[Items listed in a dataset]

(* Let $\lambda_1,\dots,\lambda_p>0$ be pairwise distinct, $\Sigma=\mathrm{diag}(\lambda_1,\dots,\lambda_p)$, $E$ a real symmetric $p\times p$ matrix, $\widehat\Sigma=\Sigma+E$, $x$ an eigenvalue of $\widehat\Sigma$, $k\in\arg\min_m|\lambda_m-x|$, and $q>0$. Suppose $$\|E(\nu(k))\|\le\frac12\qquad\text{and}\qquad \|E(\nu(k))\|\le \frac{q\sqrt{\delta_k}\,\nu_k(k)}{2\sqrt2}.$$ Then every eigenvector $\vec\eta$ of $\widehat\Sigma$ for $x$ satisfies $\langle\vec\eta,\vec\mu_k\rangle\neq0$, and the angle $\theta\in[0,\pi/2]$ between $\vec\eta$ and $\vec\mu_k$ (defined by $\cos\theta=|\langle\vec\eta,\vec\mu_k\rangle|/\|\vec\eta\|$) satisfies $\tan\theta\le q$, in particular $\sin\theta\le q$.
   Context: $\vec\mu_1,\dots,\vec\mu_p$ are the standard basis vectors; $\|\cdot\|$ is the operator norm; $\delta_k=\min_{j\ne k}|\lambda_k-\lambda_j|$. For a vector $\nu\in[0,\infty)^p$, $E(\nu)=\mathrm{diag}(\nu)E\,\mathrm{diag}(\nu)$. The vector $\nu(k)$ is defined by $\nu_j(k)=\sqrt2\,|\lambda_j-\lambda_k|^{-1/2}$ for $j\ne k$ and $\nu_k(k)=\max_{j\ne k}\sqrt{\lambda_j/(|\lambda_j-\lambda_k|\,\lambda_k)}$. *)

theory Defs
  imports "HOL-Analysis.Analysis"
begin

definition diag_mat :: "('n::finite \<Rightarrow> real) \<Rightarrow> real ^ 'n ^ 'n" where
  "diag_mat lam = (\<chi> i j. if i = j then lam i else 0)"

definition op_norm :: "real ^ 'n ^ 'n \<Rightarrow> real" where
  "op_norm A = onorm (\<lambda>v. A *v v)"

definition scaled_mat :: "('n::finite \<Rightarrow> real) \<Rightarrow> real ^ 'n ^ 'n \<Rightarrow> real ^ 'n ^ 'n" where
  "scaled_mat nu E = diag_mat nu ** E ** diag_mat nu"

definition gap :: "('n::finite \<Rightarrow> real) \<Rightarrow> 'n \<Rightarrow> real" where
  "gap lam k = Min {\<bar>lam k - lam j\<bar> | j. j \<noteq> k}"

definition nu_vec :: "('n::finite \<Rightarrow> real) \<Rightarrow> 'n \<Rightarrow> 'n \<Rightarrow> real" where
  "nu_vec lam k j =
     (if j \<noteq> k then sqrt 2 * \<bar>lam j - lam k\<bar> powr (-1/2)
      else Max {sqrt (lam i / (\<bar>lam i - lam k\<bar> * lam k)) | i. i \<noteq> k})"

end

theory Submission
  imports Defs
begin

text \<open>Rescale an eigenvector \<open>\<eta>\<close> of \<open>\<Sigma> + E\<close> to \<open>w = diag(\<nu>)\<^sup>-\<^sup>1 \<eta>\<close>. The eigen-equation reads
  \<open>(E(\<nu>) w)\<^sub>j = \<nu>\<^sub>j\<^sup>2 (x - \<lambda>\<^sub>j) w\<^sub>j\<close>, and since \<open>k\<close> is the index closest to \<open>x\<close>, every weight
  \<open>\<nu>\<^sub>j\<^sup>2 |x - \<lambda>\<^sub>j|\<close> with \<open>j \<noteq> k\<close> is at least 1. Hence the part of \<open>w\<close> off the \<open>k\<close>-th axis is
  bounded by \<open>\<parallel>E(\<nu>) w\<parallel> \<le> \<parallel>E(\<nu>)\<parallel> (|w\<^sub>k| + off-axis part)\<close>, which with \<open>\<parallel>E(\<nu>)\<parallel> \<le> 1/2\<close> gives
  an off-axis part of at most \<open>2 \<parallel>E(\<nu>)\<parallel> |w\<^sub>k|\<close>. Undoing the scaling costs a factor
  \<open>\<surd>(2/\<delta>\<^sub>k)\<close> off the axis and \<open>\<nu>\<^sub>k\<close> on it, so the second hypothesis yields that the off-axis
  part of \<open>\<eta>\<close> is at most \<open>q |\<eta>\<^sub>k|\<close>, which is exactly \<open>tan \<theta> \<le> q\<close>.\<close>

lemma diag_mat_mult_vec_nth: "(diag_mat d *v v) $ i = d i * v $ i"
  unfolding diag_mat_def matrix_vector_mult_def
  by (simp add: if_distrib[of "\<lambda>y. y * _"] cong: if_cong)

lemma bounded_linear_matrix_vector_mult: "bounded_linear (\<lambda>v. (A::real^'n::finite^'n) *v v)"
  by (simp add: linear_conv_bounded_linear matrix_vector_mul_linear)

lemma op_norm_nonneg: "0 \<le> op_norm A"
  unfolding op_norm_def using onorm_pos_le[OF bounded_linear_matrix_vector_mult] .

lemma norm_matrix_vector_mult_le: "norm (A *v v) \<le> op_norm A * norm v"
  unfolding op_norm_def using onorm[OF bounded_linear_matrix_vector_mult] .

definition off_axis_norm :: "'n::finite \<Rightarrow> real ^ 'n \<Rightarrow> real" where
  "off_axis_norm k v = sqrt (\<Sum>j\<in>-{k}. (v $ j)\<^sup>2)"

lemma off_axis_norm_nonneg: "0 \<le> off_axis_norm k v"
  by (simp add: off_axis_norm_def sum_nonneg)

lemma norm_sq_axis_split: "(norm v)\<^sup>2 = (v $ k)\<^sup>2 + (off_axis_norm k v)\<^sup>2"
proof -
  have "(norm v)\<^sup>2 = (\<Sum>j\<in>UNIV. (v $ j)\<^sup>2)"
    by (simp only: power2_norm_eq_inner inner_vec_def) (simp add: power2_eq_square)
  also have "\<dots> = (v $ k)\<^sup>2 + (\<Sum>j\<in>-{k}. (v $ j)\<^sup>2)"
    by (simp add: sum.remove[of UNIV k] Compl_eq_Diff_UNIV)
  finally show ?thesis
    by (simp add: off_axis_norm_def sum_nonneg)
qed

lemma norm_le_axis_plus_off_axis: "norm v \<le> \<bar>v $ k\<bar> + off_axis_norm k v"
proof -
  have "(norm v)\<^sup>2 \<le> (\<bar>v $ k\<bar> + off_axis_norm k v)\<^sup>2"
    using off_axis_norm_nonneg[of k v] by (simp add: norm_sq_axis_split[of v k] power2_sum)
  then show ?thesis
    using off_axis_norm_nonneg[of k v] by (simp add: power2_le_iff_abs_le)
qed

lemma off_axis_norm_le_norm: "off_axis_norm k v \<le> norm v"
  by (rule power2_le_imp_le) (simp_all add: norm_sq_axis_split[of v k])

lemma off_axis_norm_mono:
  assumes "\<And>j. j \<noteq> k \<Longrightarrow> \<bar>v $ j\<bar> \<le> \<bar>u $ j\<bar>"
  shows "off_axis_norm k v \<le> off_axis_norm k u"
  unfolding off_axis_norm_def
  by (intro real_sqrt_le_mono sum_mono) (use assms in \<open>auto simp: abs_le_square_iff\<close>)

lemma off_axis_norm_scaleR: "off_axis_norm k (c *\<^sub>R v) = \<bar>c\<bar> * off_axis_norm k v"
  by (simp add: off_axis_norm_def power_mult_distrib sum_distrib_left[symmetric] real_sqrt_mult)
(* For all closed terms $t_0,t_1$ of $\lambda_S$, if $t_0\equiv t_1$ then $t_0\approx_{\emptyset}t_1$.
   Context: Terms of $\lambda_S$: $t ::= x \mid \lambda x.t \mid t\,t \mid \mathcal{S}k.t \mid \langle t\rangle$ (shift $\mathcal{S}k.t$ binds $k$, reset $\langle t\rangle$), up to $\alpha$-conversion; closed means no free variables. Values: $v ::= \lambda x.t$. Pure contexts $E ::= \Box \mid v\,E \mid E\,t$; evaluation contexts $F ::= \Box \mid v\,F \mid F\,t \mid \langle F\rangle$; contexts $C ::= \Box \mid \lambda x.C \mid t\,C \mid C\,t \mid \mathcal{S}k.C \mid \langle C\rangle$. Reduction: $F[(\lambda x.t)\,v] \to F[t\{v/x\}]$; $F[\langle E[\mathcal{S}k.t]\rangle] \to F[\langle t\{\lambda x.\langle E[x]\rangle/k\}\rangle]$ ($x\notin\mathrm{fv}(E)$); $F[\langle v\rangle]\to F[v]$. $\to^*$ reflexive-transitive closure; $t\Downarrow t'$ means $t\to^*t'$ with $t'$ irreducible. Stuck: not a value and irreducible; normal form: value or stuck term. Closures: for $R$ a relation on closed terms, $\widetilde R$ is the smallest relation containing $R$, all $(x,x)$, and closed under all term constructors, restricted to closed terms; $\widehat R$ is the smallest relation on closed evaluation contexts with $\Box\widehat R\Box$, $v_0F_0\widehat Rv_1F_1$ if $F_0\widehat RF_1,v_0\widetilde Rv_1$; $F_0t_0\widehat RF_1t_1$ if $F_0\widehat RF_1,t_0\widetilde Rt_1$; $\langle F_0\rangle\widehat R\langle F_1\rangle$ if $F_0\widehat RF_1$. Environmental bisimilarity: an environment $\mathcal E$ is a relation on closed normal forms relating values only with values and stuck terms only with stuck terms. An environmental relation $\mathcal X$ is a set of environments and triples $(\mathcal E,t_0,t_1)$ with $t_0,t_1$ closed, written $t_0\,\mathcal X_{\mathcal E}\,t_1$. $\mathcal X$ is an environmental bisimulation if (1) whenever $t_0\mathcal X_{\mathcal E}t_1$: (a) $t_0\to t_0'$ implies $t_1\to^*t_1'$ with $t_0'\mathcal X_{\mathcal E}t_1'$; (b) if $t_0$ is a value $v_0$ then $t_1\to^*v_1$, a value, and $\mathcal E\cup\{(v_0,v_1)\}\in\mathcal X$; (c) if $t_0$ is stuck then $t_1\to^*t_1'$ stuck and $\mathcal E\cup\{(t_0,t_1')\}\in\mathcal X$; (d) symmetric conditions for $t_1$; (2) whenever $\mathcal E\in\mathcal X$: (a) $(\lambda x.t_0)\mathcal E(\lambda x.t_1)$ and $v_0\widetilde{\mathcal E}v_1$ imply $t_0\{v_0/x\}\mathcal X_{\mathcal E}t_1\{v_1/x\}$; (b) $E_0[\mathcal Sk.t_0]\mathcal E E_1[\mathcal Sk.t_1]$ and pure contexts $E_0'\widehat{\mathcal E}E_1'$ imply $\langle t_0\{\lambda x.\langle E_0'[E_0[x]]\rangle/k\}\rangle\mathcal X_{\mathcal E}\langle t_1\{\lambda x.\langle E_1'[E_1[x]]\rangle/k\}\rangle$, $x$ fresh. $\approx$ is the largest environmental bisimulation, $t_0\approx_{\mathcal E}t_1$ meaning $(\mathcal E,t_0,t_1)\in\approx$. Contextual equivalence: $t_0\equiv t_1$ iff for all contexts $C$ with $C[t_0],C[t_1]$ closed, $C[t_0]\Downarrow$ a value iff $C[t_1]\Downarrow$ a value, and $C[t_0]\Downarrow$ a stuck term iff $C[t_1]\Downarrow$ a stuck term. *)

theory Defs
  imports Main
begin

text \<open>Terms up to alpha-conversion are represented with de Bruijn indices.
  Lam t binds index 0 in t (the variable x); Shift t binds index 0 in t
  (the continuation variable k); Reset t is the delimiter.\<close>

datatype trm = Var nat | Lam trm | App trm trm | Shift trm | Reset trm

- **Exercise instructions**
Go through the records above and return each line in which the word "most" occurs.

- **Response for this exercise**
  an off-axis part of at most \<open>2 \<parallel>E(\<nu>)\<parallel> |w\<^sub>k|\<close>. Undoing the scaling costs a factor
  part of \<open>\<eta>\<close> is at most \<open>q |\<eta>\<^sub>k|\<close>, which is exactly \<open>tan \<theta> \<le> q\<close>.\<close>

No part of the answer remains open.